"""

(* Let $i\ge 2$ be an integer and let $C(i)$, $B(i)$ be as defined in the context. (a) $C(i)$ is an $\mathbb{F}$-linear $[2i,2i-1,1]$-code which is $(2i-1)$-bounded relative to the ordered basis $B(i)$. (b) Let $j$ be an integer with $1\le j\le 4i^2-6i+1$. Then ${\sf Code}(B(i),j)$ is an $\mathbb{F}$-linear $[n_j,k_j,d_j]$-code which is $u_j$-bounded relative to the ordered basis ${\sf Basis}(B(i),j)$, where \[ n_j=2i\prod_{\ell=1}^{j}(2i-1+\ell),\quad k_j=2i-1+j,\quad d_j=\prod_{\ell=1}^{j}(2i-1+\ell),\quad u_j=(2i-1)\prod_{\ell=1}^{j}(2i-2+\ell). \]
   Context: $\mathbb{F}$ is an arbitrary field and vectors in $\mathbb{F}^n$ are column vectors. The weight $\mathrm{wt}(x)$ of $x\in\mathbb{F}^n$ is its number of nonzero coordinates. An $[n,k,d]$-code is a $k$-dimensional subspace of $\mathbb{F}^n$ whose minimum distance (the minimum weight of a nonzero codeword) is $d$. Boundedness: let $u$ be a positive integer and let $C$ be an $[n,k,d]$-code with ordered basis $B=(a_1,\dots,a_k)$. Then $C$ is $u$-bounded relative to $B$ if all three of the following hold: (i) $\mathrm{wt}(a_j)=u$ for every $j$; (ii) $\mathrm{wt}\big(\sum_{j=1}^k a_j\big)=d$; (iii) $u\ge d(1+k^{-1})$. Construction: for an ordered basis $B=(a_1,\dots,a_k)$ of a code $C\le\mathbb{F}^n$, set $a_0:=0\in\mathbb{F}^n$. For $m=1,\dots,k+1$, let $a'_m\in\mathbb{F}^{n(k+1)}$ be the column vector made of $k+1$ blocks of length $n$. Its $r$-th block, for $r=1,\dots,k+1$, is $a_{r-m}$, where the subscript is read modulo $k+1$ with representatives in $\{0,\dots,k\}$. Thus $a'_1=(0,a_1,\dots,a_k)^T$, $a'_2=(a_k,0,a_1,\dots,a_{k-1})^T$, …, $a'_{k+1}=(a_1,\dots,a_k,0)^T$ in block form. Define ${\sf Basis}(B)=(a'_1,\dots,a'_{k+1})$, and let ${\sf Code}(B)\le\mathbb{F}^{n(k+1)}$ be its $\mathbb{F}$-linear span. Iteration: ${\sf Code}(B,1)={\sf Code}(B)$ and ${\sf Basis}(B,1)={\sf Basis}(B)$. For $i\ge2$, ${\sf Code}(B,i)={\sf Code}({\sf Basis}(B,i-1))$ and ${\sf Basis}(B,i)={\sf Basis}({\sf Basis}(B,i-1))$. Matrices: $\mathcal{A}_1=\begin{bmatrix}0&-1\\1&0\end{bmatrix}$ and $\mathcal{B}_1=\begin{bmatrix}1&-1\\-1&1\end{bmatrix}$. Recursively, for $i\ge1$, $\mathcal{A}_{i+1}=\begin{bmatrix}\mathcal{A}_1&\mathcal{B}_i\\-\mathcal{B}_i^T&\mathcal{A}_i\end{bmatrix}$ and $\mathcal{B}_{i+1}=[\mathcal{B}_1\ \mathcal{B}_i]$, as block matrices over $\mathbb{F}$. Thus $\mathcal{A}_i\in\mathbb{F}^{2i\times 2i}$. Codes $C(i)$: write $\mathcal{A}_i=[a_1,\dots,a_{2i}]$ by columns. Then $B(i)=(a_1,\dots,a_{2i-1})$, and $C(i)\le\mathbb{F}^{2i}$ is the $\mathbb{F}$-linear span of $B(i)$. The columns of $\mathcal{A}_i$ are linearly independent, so $B(i)$ is an ordered basis of $C(i)$. *)

theory Defs
  imports Complex_Main
begin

"""

● Work request: Please output the full listing, keeping every character the same.

● Task response:
(* Let $i\ge 2$ be an integer and let $C(i)$, $B(i)$ be as defined in the context. (a) $C(i)$ is an $\mathbb{F}$-linear $[2i,2i-1,1]$-code which is $(2i-1)$-bounded relative to the ordered basis $B(i)$. (b) Let $j$ be an integer with $1\le j\le 4i^2-6i+1$. Then ${\sf Code}(B(i),j)$ is an $\mathbb{F}$-linear $[n_j,k_j,d_j]$-code which is $u_j$-bounded relative to the ordered basis ${\sf Basis}(B(i),j)$, where \[ n_j=2i\prod_{\ell=1}^{j}(2i-1+\ell),\quad k_j=2i-1+j,\quad d_j=\prod_{\ell=1}^{j}(2i-1+\ell),\quad u_j=(2i-1)\prod_{\ell=1}^{j}(2i-2+\ell). \]
   Context: $\mathbb{F}$ is an arbitrary field and vectors in $\mathbb{F}^n$ are column vectors. The weight $\mathrm{wt}(x)$ of $x\in\mathbb{F}^n$ is its number of nonzero coordinates. An $[n,k,d]$-code is a $k$-dimensional subspace of $\mathbb{F}^n$ whose minimum distance (the minimum weight of a nonzero codeword) is $d$. Boundedness: let $u$ be a positive integer and let $C$ be an $[n,k,d]$-code with ordered basis $B=(a_1,\dots,a_k)$. Then $C$ is $u$-bounded relative to $B$ if all three of the following hold: (i) $\mathrm{wt}(a_j)=u$ for every $j$; (ii) $\mathrm{wt}\big(\sum_{j=1}^k a_j\big)=d$; (iii) $u\ge d(1+k^{-1})$. Construction: for an ordered basis $B=(a_1,\dots,a_k)$ of a code $C\le\mathbb{F}^n$, set $a_0:=0\in\mathbb{F}^n$. For $m=1,\dots,k+1$, let $a'_m\in\mathbb{F}^{n(k+1)}$ be the column vector made of $k+1$ blocks of length $n$. Its $r$-th block, for $r=1,\dots,k+1$, is $a_{r-m}$, where the subscript is read modulo $k+1$ with representatives in $\{0,\dots,k\}$. Thus $a'_1=(0,a_1,\dots,a_k)^T$, $a'_2=(a_k,0,a_1,\dots,a_{k-1})^T$, …, $a'_{k+1}=(a_1,\dots,a_k,0)^T$ in block form. Define ${\sf Basis}(B)=(a'_1,\dots,a'_{k+1})$, and let ${\sf Code}(B)\le\mathbb{F}^{n(k+1)}$ be its $\mathbb{F}$-linear span. Iteration: ${\sf Code}(B,1)={\sf Code}(B)$ and ${\sf Basis}(B,1)={\sf Basis}(B)$. For $i\ge2$, ${\sf Code}(B,i)={\sf Code}({\sf Basis}(B,i-1))$ and ${\sf Basis}(B,i)={\sf Basis}({\sf Basis}(B,i-1))$. Matrices: $\mathcal{A}_1=\begin{bmatrix}0&-1\\1&0\end{bmatrix}$ and $\mathcal{B}_1=\begin{bmatrix}1&-1\\-1&1\end{bmatrix}$. Recursively, for $i\ge1$, $\mathcal{A}_{i+1}=\begin{bmatrix}\mathcal{A}_1&\mathcal{B}_i\\-\mathcal{B}_i^T&\mathcal{A}_i\end{bmatrix}$ and $\mathcal{B}_{i+1}=[\mathcal{B}_1\ \mathcal{B}_i]$, as block matrices over $\mathbb{F}$. Thus $\mathcal{A}_i\in\mathbb{F}^{2i\times 2i}$. Codes $C(i)$: write $\mathcal{A}_i=[a_1,\dots,a_{2i}]$ by columns. Then $B(i)=(a_1,\dots,a_{2i-1})$, and $C(i)\le\mathbb{F}^{2i}$ is the $\mathbb{F}$-linear span of $B(i)$. The columns of $\mathcal{A}_i$ are linearly independent, so $B(i)$ is an ordered basis of $C(i)$. *)

theory Defs
  imports Complex_Main
begin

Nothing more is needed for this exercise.